EXERCISE> Sift through the material below and return the lines with "fixes".

GIVEN DATA>
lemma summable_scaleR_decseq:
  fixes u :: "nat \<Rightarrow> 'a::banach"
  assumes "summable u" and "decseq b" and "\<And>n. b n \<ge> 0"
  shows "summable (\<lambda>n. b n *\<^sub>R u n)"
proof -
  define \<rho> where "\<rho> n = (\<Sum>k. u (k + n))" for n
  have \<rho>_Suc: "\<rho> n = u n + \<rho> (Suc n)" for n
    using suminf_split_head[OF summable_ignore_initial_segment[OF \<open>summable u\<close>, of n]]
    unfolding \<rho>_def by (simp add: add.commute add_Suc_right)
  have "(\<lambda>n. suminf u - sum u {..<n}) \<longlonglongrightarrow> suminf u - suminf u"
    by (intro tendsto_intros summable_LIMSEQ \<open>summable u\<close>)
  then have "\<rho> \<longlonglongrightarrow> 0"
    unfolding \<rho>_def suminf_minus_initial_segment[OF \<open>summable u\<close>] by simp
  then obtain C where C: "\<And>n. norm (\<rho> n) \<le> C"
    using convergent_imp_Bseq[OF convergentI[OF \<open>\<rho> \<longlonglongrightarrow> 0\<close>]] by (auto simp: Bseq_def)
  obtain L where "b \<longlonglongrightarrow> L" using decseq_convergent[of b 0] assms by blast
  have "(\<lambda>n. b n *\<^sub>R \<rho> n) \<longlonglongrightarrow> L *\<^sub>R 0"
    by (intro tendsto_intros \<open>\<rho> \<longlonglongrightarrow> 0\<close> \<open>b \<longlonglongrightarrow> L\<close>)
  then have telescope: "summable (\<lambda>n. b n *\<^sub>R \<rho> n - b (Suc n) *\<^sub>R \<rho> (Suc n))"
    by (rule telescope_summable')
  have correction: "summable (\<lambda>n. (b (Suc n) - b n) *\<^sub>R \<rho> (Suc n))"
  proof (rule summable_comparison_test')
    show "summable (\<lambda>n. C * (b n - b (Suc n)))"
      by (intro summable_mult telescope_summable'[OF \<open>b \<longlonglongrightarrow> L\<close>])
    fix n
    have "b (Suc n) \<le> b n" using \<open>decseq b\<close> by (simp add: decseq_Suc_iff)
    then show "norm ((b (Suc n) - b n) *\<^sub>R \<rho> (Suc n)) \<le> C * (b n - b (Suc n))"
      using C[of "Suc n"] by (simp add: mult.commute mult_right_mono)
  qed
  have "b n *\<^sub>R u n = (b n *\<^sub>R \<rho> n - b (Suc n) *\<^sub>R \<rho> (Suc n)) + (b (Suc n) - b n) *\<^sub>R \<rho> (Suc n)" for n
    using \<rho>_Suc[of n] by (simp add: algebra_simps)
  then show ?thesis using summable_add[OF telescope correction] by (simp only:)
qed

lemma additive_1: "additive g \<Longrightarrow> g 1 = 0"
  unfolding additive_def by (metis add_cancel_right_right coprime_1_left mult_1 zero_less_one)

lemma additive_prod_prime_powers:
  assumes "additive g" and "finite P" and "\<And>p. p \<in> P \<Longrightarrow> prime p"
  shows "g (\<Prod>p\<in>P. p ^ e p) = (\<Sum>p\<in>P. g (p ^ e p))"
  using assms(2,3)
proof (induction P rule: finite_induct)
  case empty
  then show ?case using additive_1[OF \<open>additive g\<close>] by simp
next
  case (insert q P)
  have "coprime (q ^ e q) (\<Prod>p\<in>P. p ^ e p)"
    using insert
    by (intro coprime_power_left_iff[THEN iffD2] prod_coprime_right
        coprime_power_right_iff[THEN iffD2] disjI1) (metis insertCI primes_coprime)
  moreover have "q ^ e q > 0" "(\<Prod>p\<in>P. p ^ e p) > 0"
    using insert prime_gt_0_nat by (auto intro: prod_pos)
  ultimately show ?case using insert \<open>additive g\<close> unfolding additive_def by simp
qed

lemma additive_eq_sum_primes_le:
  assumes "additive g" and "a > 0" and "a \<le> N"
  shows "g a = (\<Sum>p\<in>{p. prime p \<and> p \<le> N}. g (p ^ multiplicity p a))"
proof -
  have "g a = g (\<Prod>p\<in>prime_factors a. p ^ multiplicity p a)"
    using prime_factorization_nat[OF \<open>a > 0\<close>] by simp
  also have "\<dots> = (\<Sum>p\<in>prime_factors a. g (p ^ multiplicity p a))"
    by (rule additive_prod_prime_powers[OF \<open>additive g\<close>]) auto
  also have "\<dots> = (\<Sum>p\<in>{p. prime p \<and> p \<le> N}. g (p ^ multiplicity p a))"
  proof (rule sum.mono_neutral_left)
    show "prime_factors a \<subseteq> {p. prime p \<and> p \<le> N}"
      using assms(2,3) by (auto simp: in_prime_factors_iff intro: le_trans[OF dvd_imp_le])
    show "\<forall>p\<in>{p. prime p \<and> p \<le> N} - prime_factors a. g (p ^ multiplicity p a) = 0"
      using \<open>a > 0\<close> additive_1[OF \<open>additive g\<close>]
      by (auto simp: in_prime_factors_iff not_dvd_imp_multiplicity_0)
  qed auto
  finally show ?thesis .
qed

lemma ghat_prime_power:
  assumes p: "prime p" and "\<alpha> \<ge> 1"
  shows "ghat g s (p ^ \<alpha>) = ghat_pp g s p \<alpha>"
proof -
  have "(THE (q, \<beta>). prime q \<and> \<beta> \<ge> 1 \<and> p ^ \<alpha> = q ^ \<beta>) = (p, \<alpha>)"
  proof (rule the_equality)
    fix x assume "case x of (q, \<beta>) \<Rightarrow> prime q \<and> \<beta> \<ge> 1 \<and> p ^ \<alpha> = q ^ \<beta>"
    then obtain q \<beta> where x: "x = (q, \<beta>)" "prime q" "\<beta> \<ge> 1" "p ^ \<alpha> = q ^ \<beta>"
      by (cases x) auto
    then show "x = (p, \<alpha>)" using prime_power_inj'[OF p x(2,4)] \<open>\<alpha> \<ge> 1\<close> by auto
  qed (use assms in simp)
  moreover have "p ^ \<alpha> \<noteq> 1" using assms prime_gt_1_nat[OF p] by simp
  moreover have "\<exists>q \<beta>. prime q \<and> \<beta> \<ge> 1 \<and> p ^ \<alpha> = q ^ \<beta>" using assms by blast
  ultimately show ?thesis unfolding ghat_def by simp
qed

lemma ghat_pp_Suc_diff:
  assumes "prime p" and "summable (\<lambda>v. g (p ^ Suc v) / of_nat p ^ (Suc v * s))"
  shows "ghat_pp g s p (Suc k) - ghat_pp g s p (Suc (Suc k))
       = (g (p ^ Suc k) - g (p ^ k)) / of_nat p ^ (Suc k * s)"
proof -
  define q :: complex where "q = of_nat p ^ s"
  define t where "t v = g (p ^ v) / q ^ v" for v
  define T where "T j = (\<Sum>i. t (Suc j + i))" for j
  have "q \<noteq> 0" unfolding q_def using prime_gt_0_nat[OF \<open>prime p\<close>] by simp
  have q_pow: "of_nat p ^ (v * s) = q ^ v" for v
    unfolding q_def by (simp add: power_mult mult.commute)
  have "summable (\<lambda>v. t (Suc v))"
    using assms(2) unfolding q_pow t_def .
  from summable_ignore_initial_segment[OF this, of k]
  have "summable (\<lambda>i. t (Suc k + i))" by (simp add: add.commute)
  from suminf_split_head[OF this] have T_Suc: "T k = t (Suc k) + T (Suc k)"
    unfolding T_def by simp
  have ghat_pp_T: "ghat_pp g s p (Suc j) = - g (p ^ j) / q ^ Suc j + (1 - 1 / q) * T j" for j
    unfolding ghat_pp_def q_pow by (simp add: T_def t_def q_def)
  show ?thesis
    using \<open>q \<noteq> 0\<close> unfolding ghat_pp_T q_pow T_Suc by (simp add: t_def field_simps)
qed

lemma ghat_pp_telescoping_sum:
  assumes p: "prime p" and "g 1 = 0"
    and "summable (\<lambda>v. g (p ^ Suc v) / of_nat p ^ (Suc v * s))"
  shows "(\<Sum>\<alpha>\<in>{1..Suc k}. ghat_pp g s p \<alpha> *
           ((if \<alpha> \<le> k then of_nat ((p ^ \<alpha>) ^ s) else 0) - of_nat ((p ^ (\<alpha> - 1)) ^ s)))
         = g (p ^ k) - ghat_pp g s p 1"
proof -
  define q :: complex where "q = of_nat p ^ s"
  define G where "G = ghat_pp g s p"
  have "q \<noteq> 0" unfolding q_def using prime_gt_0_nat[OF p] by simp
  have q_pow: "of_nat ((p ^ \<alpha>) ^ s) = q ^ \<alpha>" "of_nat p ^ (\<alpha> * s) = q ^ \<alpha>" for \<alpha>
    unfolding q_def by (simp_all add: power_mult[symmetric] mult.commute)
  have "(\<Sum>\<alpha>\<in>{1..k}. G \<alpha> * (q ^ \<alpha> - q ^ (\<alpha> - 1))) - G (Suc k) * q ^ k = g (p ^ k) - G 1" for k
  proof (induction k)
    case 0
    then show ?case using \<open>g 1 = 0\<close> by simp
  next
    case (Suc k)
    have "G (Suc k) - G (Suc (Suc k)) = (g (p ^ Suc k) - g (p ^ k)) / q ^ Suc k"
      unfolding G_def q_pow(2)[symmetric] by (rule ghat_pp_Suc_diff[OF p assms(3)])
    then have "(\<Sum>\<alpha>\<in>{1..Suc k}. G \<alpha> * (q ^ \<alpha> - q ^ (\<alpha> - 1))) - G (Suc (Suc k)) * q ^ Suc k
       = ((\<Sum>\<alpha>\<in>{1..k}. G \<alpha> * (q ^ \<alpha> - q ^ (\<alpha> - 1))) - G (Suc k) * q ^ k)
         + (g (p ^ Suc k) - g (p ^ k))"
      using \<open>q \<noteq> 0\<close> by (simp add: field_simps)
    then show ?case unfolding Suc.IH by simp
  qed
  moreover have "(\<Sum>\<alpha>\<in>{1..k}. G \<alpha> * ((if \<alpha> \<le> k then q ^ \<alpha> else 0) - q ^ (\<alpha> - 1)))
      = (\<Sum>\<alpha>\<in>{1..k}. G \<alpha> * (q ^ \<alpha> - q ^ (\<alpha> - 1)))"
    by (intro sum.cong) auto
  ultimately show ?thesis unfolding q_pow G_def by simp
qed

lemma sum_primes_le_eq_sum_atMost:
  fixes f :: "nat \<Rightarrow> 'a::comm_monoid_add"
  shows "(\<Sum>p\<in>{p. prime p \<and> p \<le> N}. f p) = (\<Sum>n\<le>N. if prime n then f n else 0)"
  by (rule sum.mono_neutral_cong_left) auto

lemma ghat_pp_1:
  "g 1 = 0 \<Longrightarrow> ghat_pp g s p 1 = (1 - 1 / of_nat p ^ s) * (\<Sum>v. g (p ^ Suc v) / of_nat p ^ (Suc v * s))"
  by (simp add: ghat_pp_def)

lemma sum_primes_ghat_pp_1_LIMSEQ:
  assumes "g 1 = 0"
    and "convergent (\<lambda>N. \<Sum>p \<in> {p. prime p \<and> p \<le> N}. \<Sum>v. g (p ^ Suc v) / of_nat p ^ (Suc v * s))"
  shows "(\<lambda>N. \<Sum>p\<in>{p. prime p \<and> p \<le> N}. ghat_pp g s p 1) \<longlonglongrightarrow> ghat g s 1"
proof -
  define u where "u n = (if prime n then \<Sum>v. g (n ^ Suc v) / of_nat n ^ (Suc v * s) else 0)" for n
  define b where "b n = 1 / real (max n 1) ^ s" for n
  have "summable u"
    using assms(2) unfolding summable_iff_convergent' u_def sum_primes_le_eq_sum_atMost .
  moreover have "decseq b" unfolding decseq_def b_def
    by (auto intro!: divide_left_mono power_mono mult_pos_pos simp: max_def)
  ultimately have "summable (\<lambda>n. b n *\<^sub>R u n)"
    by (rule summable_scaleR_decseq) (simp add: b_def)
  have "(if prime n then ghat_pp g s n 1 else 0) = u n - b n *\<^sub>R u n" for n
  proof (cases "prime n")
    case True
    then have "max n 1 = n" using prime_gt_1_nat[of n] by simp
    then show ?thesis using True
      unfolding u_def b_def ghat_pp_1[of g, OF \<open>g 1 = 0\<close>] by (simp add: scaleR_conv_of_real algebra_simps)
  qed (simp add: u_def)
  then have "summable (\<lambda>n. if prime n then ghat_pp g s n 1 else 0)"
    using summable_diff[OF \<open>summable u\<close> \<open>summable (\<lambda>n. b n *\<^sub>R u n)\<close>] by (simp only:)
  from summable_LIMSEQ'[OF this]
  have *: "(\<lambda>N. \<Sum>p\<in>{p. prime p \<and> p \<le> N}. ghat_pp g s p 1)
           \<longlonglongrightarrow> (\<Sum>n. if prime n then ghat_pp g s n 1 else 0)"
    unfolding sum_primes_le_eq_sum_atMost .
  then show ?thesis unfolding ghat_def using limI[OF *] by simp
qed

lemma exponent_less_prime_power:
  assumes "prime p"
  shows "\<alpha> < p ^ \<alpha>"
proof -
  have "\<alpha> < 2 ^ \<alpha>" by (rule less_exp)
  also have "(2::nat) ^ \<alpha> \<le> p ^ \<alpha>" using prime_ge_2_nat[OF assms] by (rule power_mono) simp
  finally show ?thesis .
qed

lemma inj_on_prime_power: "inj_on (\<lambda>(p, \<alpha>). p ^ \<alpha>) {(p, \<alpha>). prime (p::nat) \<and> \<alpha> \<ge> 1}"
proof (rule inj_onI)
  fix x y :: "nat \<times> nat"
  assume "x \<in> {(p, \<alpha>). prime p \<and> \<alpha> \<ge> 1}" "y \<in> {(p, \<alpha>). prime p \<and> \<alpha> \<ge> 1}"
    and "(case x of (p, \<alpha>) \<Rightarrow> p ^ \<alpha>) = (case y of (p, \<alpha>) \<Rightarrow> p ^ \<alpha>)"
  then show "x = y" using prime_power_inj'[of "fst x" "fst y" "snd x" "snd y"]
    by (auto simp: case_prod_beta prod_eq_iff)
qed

SOLUTION FOR THIS EXERCISE>
  fixes u :: "nat \<Rightarrow> 'a::banach"
  fixes f :: "nat \<Rightarrow> 'a::comm_monoid_add"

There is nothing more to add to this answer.